**Data provided**:
lemma d_bowtie_le_lipschitz_path:
  fixes P :: "real \<Rightarrow> 'a::metric_space" and Q :: "real \<Rightarrow> 'b::metric_space"
  assumes "admissible_norm N" "monotone_norm N" "0 \<le> L"
    and "1-lipschitz_on {0..L} P" "1-lipschitz_on {0..L} Q"
    and "\<forall>t\<in>{0..L}. (P t, Q t) \<in> horo_product gX x0 gY y0"
  shows "d_bowtie N gX x0 gY y0 (P 0, Q 0) (P L, Q L) \<le> ereal L"
proof -
  define p where "p t = (P (L * t), Q (L * t))" for t
  have scale: "L-lipschitz_on {0..1} (\<lambda>t. L * t)"
    using lipschitz_on_cmult_real_nonneg[OF lipschitz_on_id assms(3)] by simp
  have scale_image: "(\<lambda>t. L * t) ` {0..1} \<subseteq> {0..L}"
    using assms(3) by (auto simp: mult_left_le)
  have "(1 * L)-lipschitz_on {0..1} (\<lambda>t. P (L * t))" "(1 * L)-lipschitz_on {0..1} (\<lambda>t. Q (L * t))"
    by (rule lipschitz_on_compose2[OF scale lipschitz_on_subset[OF assms(4) scale_image]],
        rule lipschitz_on_compose2[OF scale lipschitz_on_subset[OF assms(5) scale_image]])
  then have lip: "L-lipschitz_on {0..1} (fst \<circ> p)" "L-lipschitz_on {0..1} (snd \<circ> p)"
    by (simp_all add: p_def o_def)
  have "continuous_on {0..1} (\<lambda>t. (fst (p t), snd (p t)))"
    using lip by (intro continuous_on_Pair) (auto dest: lipschitz_on_continuous_on simp: o_def)
  then have "continuous_on {0..1} p"
    by simp
  moreover have "p ` {0..1} \<subseteq> horo_product gX x0 gY y0"
    using assms(6) scale_image by (auto simp: p_def)
  ultimately have "d_bowtie N gX x0 gY y0 (P 0, Q 0) (P L, Q L) \<le> N_length N p"
    unfolding d_bowtie_def by (intro INF_lower) (simp add: p_def)
  also have "\<dots> \<le> ereal L"
    by (rule N_length_le_lipschitz[OF assms(1,2) lip])
  finally show ?thesis .
qed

**Exercise instructions**: Output only an exact transcription of the lines above from the one with "by (simp_all add: p_def o_def)" up to and including the one with "finally show ?thesis .".

**Answer box**:
    by (simp_all add: p_def o_def)
  have "continuous_on {0..1} (\<lambda>t. (fst (p t), snd (p t)))"
    using lip by (intro continuous_on_Pair) (auto dest: lipschitz_on_continuous_on simp: o_def)
  then have "continuous_on {0..1} p"
    by simp
  moreover have "p ` {0..1} \<subseteq> horo_product gX x0 gY y0"
    using assms(6) scale_image by (auto simp: p_def)
  ultimately have "d_bowtie N gX x0 gY y0 (P 0, Q 0) (P L, Q L) \<le> N_length N p"
    unfolding d_bowtie_def by (intro INF_lower) (simp add: p_def)
  also have "\<dots> \<le> ereal L"
    by (rule N_length_le_lipschitz[OF assms(1,2) lip])
  finally show ?thesis .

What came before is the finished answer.